**Exercise prompt**
A complete copy of the entries, exactly as written, is the expected result.

____ Records shown

lemma integral_cnj_mult_orth_proj:
  assumes "orth_proj M H P" "\<phi> \<in> L2 M" "f \<in> H"
    and "integrable M (\<lambda>y. cnj (f y) * \<phi> y)" "integrable M (\<lambda>y. cnj (f y) * P \<phi> y)"
  shows "(LINT y|M. cnj (f y) * P \<phi> y) = (LINT y|M. cnj (f y) * \<phi> y)"
proof -
  have "0 = L2_inner M (\<lambda>y. \<phi> y - P \<phi> y) f"
    using assms(1-3) unfolding orth_proj_def by simp
  also have "\<dots> = (LINT y|M. cnj (f y) * \<phi> y - cnj (f y) * P \<phi> y)"
    unfolding L2_inner_def by (simp add: algebra_simps)
  also have "\<dots> = (LINT y|M. cnj (f y) * \<phi> y) - (LINT y|M. cnj (f y) * P \<phi> y)"
    using assms(4,5) by (rule Bochner_Integration.integral_diff)
  finally show ?thesis
    by simp
qed

definition open_nbhds_in :: "'a::topological_space \<Rightarrow> 'a set \<Rightarrow> 'a set set" where
  "open_nbhds_in x V = {W. open W \<and> x \<in> W \<and> W \<subseteq> V}"

lemma compact_PiE_UNIV:
  fixes K :: "'i \<Rightarrow> 'b::topological_space set"
  assumes "\<And>i. compact (K i)"
  shows "compact (PiE UNIV K)"
proof -
  have "compactin (product_topology (\<lambda>_. euclidean) UNIV) (PiE UNIV K)"
    using assms by (simp add: compactin_PiE)
  then show ?thesis
    by (simp add: euclidean_product_topology)
qed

________

**Response to the task**
lemma integral_cnj_mult_orth_proj:
  assumes "orth_proj M H P" "\<phi> \<in> L2 M" "f \<in> H"
    and "integrable M (\<lambda>y. cnj (f y) * \<phi> y)" "integrable M (\<lambda>y. cnj (f y) * P \<phi> y)"
  shows "(LINT y|M. cnj (f y) * P \<phi> y) = (LINT y|M. cnj (f y) * \<phi> y)"
proof -
  have "0 = L2_inner M (\<lambda>y. \<phi> y - P \<phi> y) f"
    using assms(1-3) unfolding orth_proj_def by simp
  also have "\<dots> = (LINT y|M. cnj (f y) * \<phi> y - cnj (f y) * P \<phi> y)"
    unfolding L2_inner_def by (simp add: algebra_simps)
  also have "\<dots> = (LINT y|M. cnj (f y) * \<phi> y) - (LINT y|M. cnj (f y) * P \<phi> y)"
    using assms(4,5) by (rule Bochner_Integration.integral_diff)
  finally show ?thesis
    by simp
qed

definition open_nbhds_in :: "'a::topological_space \<Rightarrow> 'a set \<Rightarrow> 'a set set" where
  "open_nbhds_in x V = {W. open W \<and> x \<in> W \<and> W \<subseteq> V}"

lemma compact_PiE_UNIV:
  fixes K :: "'i \<Rightarrow> 'b::topological_space set"
  assumes "\<And>i. compact (K i)"
  shows "compact (PiE UNIV K)"
proof -
  have "compactin (product_topology (\<lambda>_. euclidean) UNIV) (PiE UNIV K)"
    using assms by (simp add: compactin_PiE)
  then show ?thesis
    by (simp add: euclidean_product_topology)
qed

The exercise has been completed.